The Global Burden of Stillbirth

November 9, 2011 by Kate Greenwood · 1 Comment
Filed under: Children, Public Health, Women's Health Issues 

Photo by Vladimer Shioshvili via Flickr

Photo by Vladimer Shioshvili via Flickr

As a teenager in the late 1980s, I was a huge fan of the model Christy Turlington Burns.  As I’ve blogged about before, in 2011 there’s much more to admire about her than her enduring beauty.  Over the weekend, Turlington Burns and others representing her advocacy organization, Every Mother Counts, ran the ING New York City Marathon to, in her words, “make the vital connection for people that so many pregnant women live far from health services around the world and that distance does make a difference [in the prevention of maternal mortality]. Simply put, we want to run so that others don’t have to…”

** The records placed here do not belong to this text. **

lemma index_ratio_ge_imp_dilation_ge:
  assumes F: "young_function F" and "0 < t" "1 \<le> s"
    and ratio: "\<And>r. r \<in> {t..<s * t} \<Longrightarrow> P \<le> index_ratio F r"
  shows "s powr P * F t \<le> F (s * t)"
proof -
  have "F t * t powr -P \<le> F (s * t) * (s * t) powr -P"
    using assms by (intro young_times_powr_mono) auto
  with assms show ?thesis
    by (simp add: times_powr_dilation_ge_iff)
qed

lemma dilation_le_imp_index_ratio_le:
  assumes G: "young_function G" and "0 < t"
    and dilation: "\<And>s. 1 \<le> s \<Longrightarrow> G (s * t) \<le> s powr P * G t"
  shows "index_ratio G t \<le> P"
proof -
  have "G y * y powr -P \<le> G t * t powr -P" if "t < y" for y
  proof -
    have "G ((y / t) * t) * ((y / t) * t) powr -P \<le> G t * t powr -P"
      using dilation[of "y / t"] that \<open>0 < t\<close> by (subst times_powr_dilation_le_iff) auto
    with \<open>0 < t\<close> show ?thesis
      by simp
  qed
  then have "G t * t powr (-P - 1) * (index_ratio G t - P) \<le> 0"
    by (intro has_real_derivative_at_right_nonpos[OF has_rderiv_young_times_powr[OF G \<open>0 < t\<close>]])
  then show ?thesis
    using young_function_pos[OF G \<open>0 < t\<close>] \<open>0 < t\<close> by (simp add: mult_le_0_iff)
qed

lemma dilation_ge_imp_index_ratio_ge:
  assumes G: "young_function G" and "0 < t"
    and dilation: "\<And>s. 1 \<le> s \<Longrightarrow> s powr Q * G t \<le> G (s * t)"
  shows "Q \<le> index_ratio G t"
proof -
  have "G t * t powr -Q \<le> G y * y powr -Q" if "t < y" for y
  proof -
    have "G t * t powr -Q \<le> G ((y / t) * t) * ((y / t) * t) powr -Q"
      using dilation[of "y / t"] that \<open>0 < t\<close> by (subst times_powr_dilation_ge_iff) auto
    with \<open>0 < t\<close> show ?thesis
      by simp
  qed
  then have "0 \<le> G t * t powr (-Q - 1) * (index_ratio G t - Q)"
    by (intro has_real_derivative_at_right_nonneg[OF has_rderiv_young_times_powr[OF G \<open>0 < t\<close>]])
  moreover have "0 < G t * t powr (-Q - 1)"
    using young_function_pos[OF G \<open>0 < t\<close>] \<open>0 < t\<close> by simp
  ultimately show ?thesis
    by (simp add: zero_le_mult_iff)
qed

lemma powr_bounded_imp_exponent_nonpos:
  fixes e M :: real
  assumes "\<And>s. 1 \<le> s \<Longrightarrow> s powr e \<le> M"
  shows "e \<le> 0"
proof (rule ccontr)
  assume "\<not> e \<le> 0"
  define s where "s = max 1 (M + 1) powr (1 / e)"
  have "1 \<le> s"
    unfolding s_def using \<open>\<not> e \<le> 0\<close> by (intro ge_one_powr_ge_zero) auto
  moreover have "s powr e = max 1 (M + 1)"
    using \<open>\<not> e \<le> 0\<close> by (simp add: s_def powr_powr)
  ultimately show False
    using assms[of s] by linarith
qed

lemma young_equiv_exponent_le:
  assumes equiv: "young_equiv F G"
    and G_ratio: "\<And>t. 0 < t \<Longrightarrow> index_ratio G t \<le> U"
    and F_growth: "\<And>s. 1 \<le> s \<Longrightarrow> \<exists>t>0. s powr P * F t \<le> F (s * t)"
  shows "P \<le> U"
proof -
  have F: "young_function F" and G: "young_function G"
    using equiv by (simp_all add: young_equiv_def)
  obtain C where "1 \<le> C" and FG: "\<And>t. 0 \<le> t \<Longrightarrow> F t \<le> C * G t"
    and GF: "\<And>t. 0 \<le> t \<Longrightarrow> G t \<le> C * F t"
    using young_equiv_bounds[OF equiv] by blast
  have "s powr (P - U) \<le> C\<^sup>2" if s: "1 \<le> s" for s
  proof -
    obtain t where "0 < t" and growth: "s powr P * F t \<le> F (s * t)"
      using F_growth[OF s] by blast
    have "F (s * t) \<le> C * G (s * t)"
      using FG \<open>0 < t\<close> s by simp
    also have "\<dots> \<le> C * (s powr U * G t)"
      using index_ratio_le_imp_dilation_le[OF G \<open>0 < t\<close> s] G_ratio \<open>0 < t\<close> \<open>1 \<le> C\<close>
      by (force intro: mult_left_mono)
    also have "\<dots> \<le> C * (s powr U * (C * F t))"
      using GF \<open>0 < t\<close> \<open>1 \<le> C\<close> by (simp add: mult_left_mono)
    finally have "s powr P * F t \<le> (C\<^sup>2 * s powr U) * F t"
      using growth by (simp add: power2_eq_square mult_ac)
    then have "s powr P \<le> C\<^sup>2 * s powr U"
      using young_function_pos[OF F \<open>0 < t\<close>] by simp
    then show ?thesis
      using s by (simp add: powr_diff divide_le_eq)
  qed
  then show ?thesis
    using powr_bounded_imp_exponent_nonpos by force
qed
(* Let $G$ be an arbitrary group and let $S=\bigoplus_{g\in G}S_g$ be an epsilon-strongly $G$-graded ring with principal component $R=S_e$. If $\mathrm{Supp}(S)$ is finite and $R$ is left (respectively right) artinian, then $S$ is left (respectively right) artinian.
   Context: All rings are associative with multiplicative identity $1\neq 0$. A ring $S$ is $G$-graded if $S=\bigoplus_{g\in G}S_g$ for additive subgroups $S_g$ with $S_gS_h\subseteq S_{gh}$ for all $g,h\in G$; $S_e$ is the principal component, and $\mathrm{Supp}(S)=\{g\in G:S_g\neq\{0\}\}$. $S$ is epsilon-strongly $G$-graded if (a) $S_gS_{g^{-1}}S_g=S_g$ for all $g\in G$, and (b) for each $g\in G$ the ideal $S_gS_{g^{-1}}$ of $S_e$ has a multiplicative identity. *)

theory Defs
  imports Main
begin

text \<open>The ring S is the whole type 'a (class ring_1, which includes 1 \<noteq> 0).
  The group G is a type 'g of class group_add (written additively: g + h is the
  group product, 0 the identity e, - g the inverse).\<close>

definition additive_subgroup :: "'a::ring_1 set \<Rightarrow> bool" where
  "additive_subgroup A \<longleftrightarrow> 0 \<in> A \<and> (\<forall>x\<in>A. \<forall>y\<in>A. x - y \<in> A)"

definition setmul :: "'a::ring_1 set \<Rightarrow> 'a set \<Rightarrow> 'a set" where
  "setmul A B = {x. \<exists>(n::nat) a b. (\<forall>i<n. a i \<in> A \<and> b i \<in> B) \<and> x = (\<Sum>i<n. a i * b i)}"

definition graded_ring :: "('g::group_add \<Rightarrow> 'a::ring_1 set) \<Rightarrow> bool" where
  "graded_ring S \<longleftrightarrow>
     (\<forall>g. additive_subgroup (S g)) \<and>
     (\<forall>g h. \<forall>x\<in>S g. \<forall>y\<in>S h. x * y \<in> S (g + h)) \<and>
     (\<forall>x::'a. \<exists>!f. finite {g. f g \<noteq> 0} \<and> (\<forall>g. f g \<in> S g) \<and>
                   x = (\<Sum>g\<in>{g. f g \<noteq> 0}. f g))"

definition has_mult_identity :: "'a::ring_1 set \<Rightarrow> bool" where
  "has_mult_identity I \<longleftrightarrow> (\<exists>u\<in>I. \<forall>x\<in>I. u * x = x \<and> x * u = x)"

definition epsilon_strongly_graded :: "('g::group_add \<Rightarrow> 'a::ring_1 set) \<Rightarrow> bool" where
  "epsilon_strongly_graded S \<longleftrightarrow> graded_ring S \<and>
     (\<forall>g. setmul (setmul (S g) (S (- g))) (S g) = S g) \<and>
     (\<forall>g. has_mult_identity (setmul (S g) (S (- g))))"

definition support :: "('g \<Rightarrow> 'a::ring_1 set) \<Rightarrow> 'g set" where
  "support S = {g. S g \<noteq> {0}}"

definition left_ideal_of :: "'a::ring_1 set \<Rightarrow> 'a set \<Rightarrow> bool" where
  "left_ideal_of R I \<longleftrightarrow> I \<subseteq> R \<and> additive_subgroup I \<and> (\<forall>r\<in>R. \<forall>x\<in>I. r * x \<in> I)"

definition right_ideal_of :: "'a::ring_1 set \<Rightarrow> 'a set \<Rightarrow> bool" where
  "right_ideal_of R I \<longleftrightarrow> I \<subseteq> R \<and> additive_subgroup I \<and> (\<forall>r\<in>R. \<forall>x\<in>I. x * r \<in> I)"

definition left_artinian :: "'a::ring_1 set \<Rightarrow> bool" where
  "left_artinian R \<longleftrightarrow> (\<forall>I :: nat \<Rightarrow> 'a set.
     (\<forall>n. left_ideal_of R (I n)) \<and> (\<forall>n. I (Suc n) \<subseteq> I n) \<longrightarrow> (\<exists>N. \<forall>n\<ge>N. I n = I N))"

definition right_artinian :: "'a::ring_1 set \<Rightarrow> bool" where
  "right_artinian R \<longleftrightarrow> (\<forall>I :: nat \<Rightarrow> 'a set.
     (\<forall>n. right_ideal_of R (I n)) \<and> (\<forall>n. I (Suc n) \<subseteq> I n) \<longrightarrow> (\<exists>N. \<forall>n\<ge>N. I n = I N))"

end

theory Submission
  imports Defs
begin

text \<open>For each g in the support, condition (a) and the identity of the ideal S_{-g} S_g yield
  finitely many c_i \<in> S_{-g} and d_i \<in> S_g with s = \<Sum>_i (s c_i) d_i for all s \<in> S_g. Hence the
  finitely many maps x \<mapsto> x_g c_i from S to R = S_0, which are R-linear for the left action of R,
  have trivial common kernel: S embeds into a finite direct sum of copies of R. Left ideals of S
  are R-submodules, and the descending chain condition passes from R to such an S by induction
  on the number of maps, since a descending chain of submodules stabilizes as soon as both its
  image and its kernel under one map do. The right-handed case uses the maps x \<mapsto> d_i x_g.\<close>

lemma additive_subgroup_zero: "additive_subgroup A \<Longrightarrow> 0 \<in> A"
  unfolding additive_subgroup_def by blast

lemma additive_subgroup_diff: "additive_subgroup A \<Longrightarrow> x \<in> A \<Longrightarrow> y \<in> A \<Longrightarrow> x - y \<in> A"
  unfolding additive_subgroup_def by blast

lemma additive_subgroup_add: "additive_subgroup A \<Longrightarrow> x \<in> A \<Longrightarrow> y \<in> A \<Longrightarrow> x + y \<in> A"
  using additive_subgroup_diff[of A x "0 - y"] additive_subgroup_diff[of A 0 y]
    additive_subgroup_zero[of A] by simp

definition dcc :: "('a set \<Rightarrow> bool) \<Rightarrow> bool" where
  "dcc P \<longleftrightarrow> (\<forall>I :: nat \<Rightarrow> 'a set.
     (\<forall>n. P (I n)) \<and> (\<forall>n. I (Suc n) \<subseteq> I n) \<longrightarrow> (\<exists>N. \<forall>n\<ge>N. I n = I N))"

lemma dccD: "dcc P \<Longrightarrow> (\<And>n. P (I n)) \<Longrightarrow> (\<And>n. I (Suc n) \<subseteq> I n) \<Longrightarrow> \<exists>N. \<forall>n\<ge>N. I n = I N"
  unfolding dcc_def by blast

lemma dcc_mono: "dcc Q \<Longrightarrow> (\<And>A. P A \<Longrightarrow> Q A) \<Longrightarrow> dcc P"
  unfolding dcc_def by blast

definition submodule :: "'r set \<Rightarrow> ('r \<Rightarrow> 'a::ring_1 \<Rightarrow> 'a) \<Rightarrow> 'a set \<Rightarrow> bool" where
  "submodule R act A \<longleftrightarrow> additive_subgroup A \<and> (\<forall>r\<in>R. \<forall>x\<in>A. act r x \<in> A)"

definition module_hom :: "'r set \<Rightarrow> ('r \<Rightarrow> 'a::ring_1 \<Rightarrow> 'a) \<Rightarrow> ('a \<Rightarrow> 'a) \<Rightarrow> bool" where
  "module_hom R act f \<longleftrightarrow>
     (\<forall>x y. f (x - y) = f x - f y) \<and> (\<forall>r\<in>R. \<forall>x. f (act r x) = act r (f x))"

lemma left_artinian_iff_dcc: "left_artinian R \<longleftrightarrow> dcc (\<lambda>A. A \<subseteq> R \<and> submodule R (*) A)"
  unfolding left_artinian_def left_ideal_of_def dcc_def submodule_def by simp

lemma right_artinian_iff_dcc:
  "right_artinian R \<longleftrightarrow> dcc (\<lambda>A. A \<subseteq> R \<and> submodule R (\<lambda>r x. x * r) A)"
  unfolding right_artinian_def right_ideal_of_def dcc_def submodule_def by simp

lemma submodule_image:
  assumes "submodule R act A" "module_hom R act f"
  shows "submodule R act (f ` A)"
proof -
  have f_diff: "f (x - y) = f x - f y" for x y
    using assms(2) unfolding module_hom_def by blast
  have "additive_subgroup (f ` A)"
    unfolding additive_subgroup_def
  proof (intro conjI ballI)
    have "0 \<in> A"
      using assms(1) additive_subgroup_zero unfolding submodule_def by blast
    then show "0 \<in> f ` A"
      using f_diff[of 0 0] by (simp add: rev_image_eqI)
  next
    fix u v assume "u \<in> f ` A" "v \<in> f ` A"
    then obtain x y where "x \<in> A" "y \<in> A" "u = f x" "v = f y"
      by blast
    moreover have "x - y \<in> A"
      using assms(1) \<open>x \<in> A\<close> \<open>y \<in> A\<close> additive_subgroup_diff
      unfolding submodule_def by blast
    ultimately show "u - v \<in> f ` A"
      using f_diff[of x y] by (simp add: rev_image_eqI)
  qed
  moreover have "act r u \<in> f ` A" if "r \<in> R" "u \<in> f ` A" for r u
  proof -
    obtain x where "x \<in> A" "u = f x"
      using \<open>u \<in> f ` A\<close> by blast
    then have "act r u = f (act r x)" "act r x \<in> A"
      using that assms unfolding submodule_def module_hom_def by simp_all
    then show ?thesis
      by blast
  qed
  ultimately show ?thesis
    unfolding submodule_def by blast
qed

lemma submodule_kernel:
  assumes "submodule R act A" "module_hom R act f" "\<And>r. act r 0 = 0"
  shows "submodule R act {x \<in> A. f x = 0}"
proof -
  have f_diff: "f (x - y) = f x - f y" and f_act: "r \<in> R \<Longrightarrow> f (act r x) = act r (f x)" for r x y
    using assms(2) unfolding module_hom_def by blast+
  have "additive_subgroup {x \<in> A. f x = 0}"
    using assms(1) f_diff[of 0 0] additive_subgroup_zero additive_subgroup_diff f_diff
    unfolding submodule_def additive_subgroup_def by simp
  moreover have "act r x \<in> {x \<in> A. f x = 0}" if "r \<in> R" "x \<in> {x \<in> A. f x = 0}" for r x
    using that assms(1,3) f_act unfolding submodule_def by simp
  ultimately show ?thesis
    unfolding submodule_def by blast
qed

Just as distance makes a difference in the prevention of maternal mortality, it also makes a difference in the prevention of stillbirth.[1] In the introduction to a special series of articles that ran in The Lancet in April of this year, Zoe Mullan and Richard Horton note that 98% of the estimated 2.64 million stillbirths each year, “occur in low-income and middle-income countries, and in places such as south Asia and sub-Saharan Africa, at least half of them take place during labour or birth.”  In addition to reducing maternal and newborn mortality rates, then, closing the literal and figurative distance between pregnant women and childbirth care would prevent many stillbirths from occurring.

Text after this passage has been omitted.